Stupid Writer Tricks: Cast Your Characters

Here’s a writing trick that’s so simple and so effective that I’m surprised I haven’t read it elsewhere. (And if it has been discussed elsewhere, someone post the link so I can give proper credit. I’m too lazy to Google for it.)

The trick is: cast all of the characters in your story with recognizable Hollywood actors as you write.

Why? The reason is very simple. It’s the easiest way to keep track of the details about your characters from eye and hair color to voice inflection and mannerism. After you’ve spent a month or two following an alternate plotline, by the time you return to the main story you may not remember what color the main character’s hair is, or whether the viscount’s sister’s brother-in-law was supposed to be skinny or fat.

But chances are you do remember what Sean Connery looks like with your eyes closed. You could describe Kevin Bacon circa Footloose or James Doohan circa The Wrath of Khan without any mental strain whatsoever. You know exactly how sassy Mary Elizabeth Mastrantonio was in The Abyss, and how her voice sounded, and you probably have a good idea of how she’d react when confronted with a robot rebellion on the fourth moon of Xigg. (Mary Elizabeth, incidentally, was the model I used for a character in Infoquake. If you’ve read the book, you’ll know who.)

My first reaction when I thought up this technique was that it would inhibit the writer’s creativity. On the contrary, it sets you free to focus that creative brain of yours on more important matters. It’s just a mnemonic device to help you remember details. And with the wide range of recognizable Hollywood actors out there, you’re certain to find someone that you can cast for every character in your book.

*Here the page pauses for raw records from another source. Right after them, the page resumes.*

text \<open>Xedge chooses an orientation of the edge by Hilbert choice; by the symmetry above,
  any orientation gives the same operator.\<close>

lemma Xedge_eq_oriented:
  assumes "multigraph ends" and "is_dedge ends d" and "\<forall>v. mu v > 0"
  shows "Xedge ends mu (fst d) = Xedge_oriented ends mu d"
proof -
  define d0 where "d0 = (fst d, SOME \<alpha>. \<alpha> \<in> ends (fst d))"
  have "snd d \<in> ends (fst d)"
    using assms(2) by (simp add: is_dedge_def)
  then have d0: "is_dedge ends d0"
    unfolding d0_def is_dedge_def by (auto intro: someI)
  have "Xedge ends mu (fst d) = Xedge_oriented ends mu d0"
    by (intro ext) (simp only: Xedge_def Xedge_oriented_def d0_def Let_def)
  then show ?thesis
    using dedge_eq_or_opp[OF assms(1,2) d0] Xedge_oriented_opp[OF assms(1) d0 assms(3)]
    by (auto simp: d0_def)
qed

lemma create_proj_apply:
  "create ends d (proj u x) (v, w) = (case w of [] \<Rightarrow> 0
     | d' # w' \<Rightarrow> if d' = d \<and> v = src d \<and> tgt ends d = u then x (u, w') else 0)"
  by (auto simp: create_def proj_def split: list.split)

lemma annih_proj_apply:
  "annih ends d (proj u x) (v, w) = (if v = tgt ends d \<and> src d = u then x (u, d # w) else 0)"
  by (auto simp: annih_def proj_def)

lemma Xdir_apply:
  assumes "multigraph ends" and "is_dedge ends d" and "\<forall>v. mu v > 0"
  shows "Xdir ends mu d x (v, w) = (if v = src d then
     coef_a ends mu d * (case w of [] \<Rightarrow> 0 | d' # w' \<Rightarrow> if d' = d then x (tgt ends d, w') else 0)
     + inverse (coef_a ends mu d) * x (tgt ends d, opp ends d # w) else 0)"
proof -
  have "Xdir ends mu d x (v, w) =
      (if v = src d then Xedge ends mu (fst d) (proj (tgt ends d) x) (v, w) else 0)"
    by (simp add: Xdir_def proj_def)
  moreover have "coef_a ends mu d = 1" "opp ends d = d" if "src d = tgt ends d"
    using that assms(3)[rule_format, of "tgt ends d"] by (simp_all add: opp_eq_self_iff coef_a_def)
  ultimately show ?thesis
    by (cases w) (simp_all add: Xedge_eq_oriented[OF assms] Xedge_oriented_def
        create_proj_apply annih_proj_apply tgt_opp[OF assms(1,2)])
qed

text \<open>word_amp ends mu ds w f is the coefficient at (src (hd ds), w) of X_ds applied to the vector
  with coefficient f w' at (v, w'), v the end vertex of the path ds (Xword_apply); in this form the
  vertex bookkeeping disappears. vac_amp ds s is the resulting matrix coefficient between the vacuum
  and the tensor s.\<close>

fun word_amp :: "('e \<Rightarrow> 'v set) \<Rightarrow> ('v \<Rightarrow> real) \<Rightarrow> ('e \<times> 'v) list \<Rightarrow> ('e \<times> 'v) list
    \<Rightarrow> (('e \<times> 'v) list \<Rightarrow> real) \<Rightarrow> real" where
  "word_amp ends mu [] w f = f w"
| "word_amp ends mu (d # ds) w f =
     coef_a ends mu d * (case w of [] \<Rightarrow> 0 | d' # w' \<Rightarrow> if d' = d then word_amp ends mu ds w' f else 0)
     + inverse (coef_a ends mu d) * word_amp ends mu ds (opp ends d # w) f"
lemma first_passage_decomposition:
  fixes S :: "'i::linorder set"
  assumes "finite S"
  shows "disjoint_family_on (\<lambda>s. {x\<in>X. P s x \<and> (\<forall>r\<in>S. r < s \<longrightarrow> \<not> P r x)}) S"
    and "{x\<in>X. \<exists>s\<in>S. P s x} = (\<Union>s\<in>S. {x\<in>X. P s x \<and> (\<forall>r\<in>S. r < s \<longrightarrow> \<not> P r x)})"
proof -
  have "x \<notin> {x\<in>X. P s x \<and> (\<forall>r\<in>S. r < s \<longrightarrow> \<not> P r x)} \<or> x \<notin> {x\<in>X. P r x \<and> (\<forall>r'\<in>S. r' < r \<longrightarrow> \<not> P r' x)}"
    if "s \<in> S" "r \<in> S" "s \<noteq> r" for s r x
    using that by (cases "r < s") auto
  then show "disjoint_family_on (\<lambda>s. {x\<in>X. P s x \<and> (\<forall>r\<in>S. r < s \<longrightarrow> \<not> P r x)}) S"
    by (auto simp: disjoint_family_on_def)
  show "{x\<in>X. \<exists>s\<in>S. P s x} = (\<Union>s\<in>S. {x\<in>X. P s x \<and> (\<forall>r\<in>S. r < s \<longrightarrow> \<not> P r x)})"
  proof (intro antisym subsetI)
    fix x assume x: "x \<in> {x\<in>X. \<exists>s\<in>S. P s x}"
    let ?first = "Min {s\<in>S. P s x}"
    have "?first \<in> {s\<in>S. P s x}"
      using x assms by (intro Min_in) auto
    moreover have "\<And>r. r \<in> S \<Longrightarrow> P r x \<Longrightarrow> ?first \<le> r"
      using assms by (intro Min_le) auto
    ultimately show "x \<in> (\<Union>s\<in>S. {x\<in>X. P s x \<and> (\<forall>r\<in>S. r < s \<longrightarrow> \<not> P r x)})"
      using x by force
  qed auto
qed

lemma nn_integral_decseq_tendsto_0:
  assumes D: "\<And>n. D n \<in> borel_measurable N" "decseq D"
    and dominated: "\<And>n x. D n x \<le> f x"
    and f: "f \<in> borel_measurable N" "(\<integral>\<^sup>+x. f x \<partial>N) < \<infinity>"
    and lim: "\<And>x. f x < \<infinity> \<Longrightarrow> (\<lambda>n. D n x) \<longlonglongrightarrow> 0"
  shows "(\<lambda>n. \<integral>\<^sup>+x. D n x \<partial>N) \<longlonglongrightarrow> 0"
proof -
  have "AE x in N. f x \<noteq> \<infinity>"
    using f by (intro nn_integral_PInf_AE) auto
  then have "AE x in N. (INF n. D n x) = 0"
  proof (rule eventually_mono)
    fix x assume "f x \<noteq> \<infinity>"
    have "decseq (\<lambda>n. D n x)"
      using decseq_SucD[OF D(2)] by (intro decseq_SucI) (simp add: le_fun_def)
    then have "(\<lambda>n. D n x) \<longlonglongrightarrow> (INF n. D n x)"
      by (rule LIMSEQ_INF)
    then show "(INF n. D n x) = 0"
      using lim \<open>f x \<noteq> \<infinity>\<close> LIMSEQ_unique by (auto simp: less_top)
  qed
  then have "(\<integral>\<^sup>+x. (INF n. D n x) \<partial>N) = (\<integral>\<^sup>+x. 0 \<partial>N)"
    by (rule nn_integral_cong_AE)
  then have "(\<integral>\<^sup>+x. (INF n. D n x) \<partial>N) = 0"
    by simp
  moreover have "(\<integral>\<^sup>+x. (INF n. D n x) \<partial>N) = (INF n. \<integral>\<^sup>+x. D n x \<partial>N)"
  proof (rule nn_integral_monotone_convergence_INF_decseq[OF D(2) D(1)])
    have "(\<integral>\<^sup>+x. D n x \<partial>N) \<le> (\<integral>\<^sup>+x. f x \<partial>N)" for n
      by (intro nn_integral_mono dominated)
    then show "(\<integral>\<^sup>+x. D n x \<partial>N) < \<infinity>" for n
      using f(2) by (rule le_less_trans)
  qed
  moreover have "decseq (\<lambda>n. \<integral>\<^sup>+x. D n x \<partial>N)"
    using decseq_SucD[OF D(2)] by (intro decseq_SucI nn_integral_mono) (simp add: le_fun_def)
  ultimately show ?thesis
    using LIMSEQ_INF by metis
qed

section \<open>Measure-valued martingales tested against Borel functions\<close>

lemma mvm_eval_nonneg: "(\<And>x. 0 \<le> \<phi> x) \<Longrightarrow> 0 \<le> mvm_eval \<xi> \<phi> t \<omega>"
  unfolding mvm_eval_def by (simp add: Bochner_Integration.integral_nonneg)

locale mvm =
  fixes M :: "'w measure" and F :: "real \<Rightarrow> 'w measure"
    and \<xi> :: "real \<Rightarrow> 'w \<Rightarrow> 'd::euclidean_space measure"
  assumes MVM: "MVM M F \<xi>"
begin

sublocale prob_space M
  using MVM unfolding MVM_def by auto

lemma space_F: "0 \<le> t \<Longrightarrow> space (F t) = space M"
  and sets_F_subset: "0 \<le> t \<Longrightarrow> sets (F t) \<subseteq> sets M"
  and sets_F_mono: "0 \<le> s \<Longrightarrow> s \<le> t \<Longrightarrow> sets (F s) \<subseteq> sets (F t)"
  using MVM unfolding MVM_def filtration_on_def by auto

lemma subalgebra_F: "0 \<le> t \<Longrightarrow> subalgebra M (F t)"
  using space_F sets_F_subset unfolding subalgebra_def by auto
lemma omega_limit_subset_semiflow_image:
  assumes "0 \<le> t"
  shows "omega_limit S B \<subseteq> S t ` omega_limit S B"
proof
  fix y assume "y \<in> omega_limit S B"
  then obtain xs \<tau> where xs: "\<And>n. xs n \<in> B" and \<tau>: "\<And>n. real n \<le> \<tau> n"
    and lim: "(\<lambda>n. S (\<tau> n) (xs n)) \<longlonglongrightarrow> y"
    unfolding omega_limit_def by blast
  define N where "N = nat \<lceil>t\<rceil>"
  define \<sigma> where "\<sigma> n = \<tau> (n + N) - t" for n
  have \<sigma>: "real n \<le> \<sigma> n" for n
    using \<tau>[of "n + N"] unfolding \<sigma>_def N_def by linarith
  obtain r z where r: "strict_mono r" and z_lim: "(\<lambda>n. S (\<sigma> (r n)) (xs (r n + N))) \<longlonglongrightarrow> z"
    and z: "z \<in> omega_limit S B"
    using omega_limit_subseq[of "\<lambda>n. xs (n + N)" \<sigma>] xs \<sigma> by blast
  have "S t (S (\<sigma> (r n)) (xs (r n + N))) = S (\<tau> (r n + N)) (xs (r n + N))" for n
    using semigroup[of "\<sigma> (r n)" t] \<sigma>[of "r n"] assms by (simp add: \<sigma>_def)
  moreover have "(\<lambda>n. S (\<tau> (r n + N)) (xs (r n + N))) \<longlonglongrightarrow> y"
    using LIMSEQ_subseq_LIMSEQ[OF LIMSEQ_ignore_initial_segment[OF lim, of N] r] by (simp add: o_def)
  ultimately have "(\<lambda>n. S t (S (\<sigma> (r n)) (xs (r n + N)))) \<longlonglongrightarrow> y"
    by simp
  then have "y = S t z"
    using tendsto_semiflow[OF assms z_lim] LIMSEQ_unique by blast
  with z show "y \<in> S t ` omega_limit S B"
    by blast
qed

lemma omega_limit_attracts:
  assumes "bounded D" "0 < e"
  shows "\<exists>T\<ge>0. \<forall>t\<ge>T. \<forall>x\<in>D. infdist (S t x) (omega_limit S B) < e"
proof (rule ccontr)
  assume contra: "\<not> ?thesis"
  obtain T0 where "0 \<le> T0" and T0: "\<And>t. T0 \<le> t \<Longrightarrow> S t ` D \<subseteq> B"
    using absorbing[OF \<open>bounded D\<close>] by blast
  have "\<exists>t x. T0 + real n \<le> t \<and> x \<in> D \<and> e \<le> infdist (S t x) (omega_limit S B)" for n
  proof -
    have "\<not> (\<forall>t\<ge>T0 + real n. \<forall>x\<in>D. infdist (S t x) (omega_limit S B) < e)"
      using contra \<open>0 \<le> T0\<close> by (meson add_nonneg_nonneg of_nat_0_le_iff)
    then show ?thesis
      by (auto simp: not_less)
  qed
  then obtain tt xx
    where H: "\<And>n. T0 + real n \<le> tt n \<and> xx n \<in> D \<and> e \<le> infdist (S (tt n) (xx n)) (omega_limit S B)"
    by metis
  define \<sigma> where "\<sigma> n = tt n - T0" for n
  have \<sigma>: "real n \<le> \<sigma> n" for n
    using H[of n] by (simp add: \<sigma>_def)
  have absorbed: "S T0 (xx n) \<in> B" for n
    using T0[of T0] H[of n] by blast
  have flow: "S (tt n) (xx n) = S (\<sigma> n) (S T0 (xx n))" for n
    using semigroup[of T0 "\<sigma> n"] \<open>0 \<le> T0\<close> \<sigma>[of n] by (simp add: \<sigma>_def)
  obtain r z where "strict_mono r" and lim: "(\<lambda>n. S (\<sigma> (r n)) (S T0 (xx (r n)))) \<longlonglongrightarrow> z"
    and z: "z \<in> omega_limit S B"
    by (rule omega_limit_subseq[where xs="\<lambda>n. S T0 (xx n)" and \<sigma>=\<sigma>]) (rule absorbed, rule \<sigma>)
  then obtain n where "dist (S (\<sigma> (r n)) (S T0 (xx (r n)))) z < e"
    using \<open>0 < e\<close> unfolding lim_sequentially by blast
  moreover have "infdist (S (\<sigma> (r n)) (S T0 (xx (r n)))) (omega_limit S B)
      \<le> dist (S (\<sigma> (r n)) (S T0 (xx (r n)))) z"
    using z by (rule infdist_le)
  ultimately show False
    using H[of "r n"] flow[of "r n"] by simp
qed

theorem global_attractor_omega_limit: "global_attractor S (omega_limit S B)"
  unfolding global_attractor_def
  using omega_limit_nonempty compact_omega_limit semiflow_omega_limit_subset
    omega_limit_subset_semiflow_image omega_limit_attracts
  by blast

end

Is this going to spoil your readers’ imaginations? Not at all. Obviously you’re not going to tell them who you’ve cast. And I defy you to write a description of any Hollywood actor that your readers will be able to recognize, without being given the name. (Okay, I’m sure there are a few. Danny DeVito. Gilbert Gottfried. John Candy.)

So go write a casting sheet for every character in your novel or short story. Yes, every single damn one, major or minor. And don’t worry, through the magic of the imagination, you won’t even have to pay any royalties.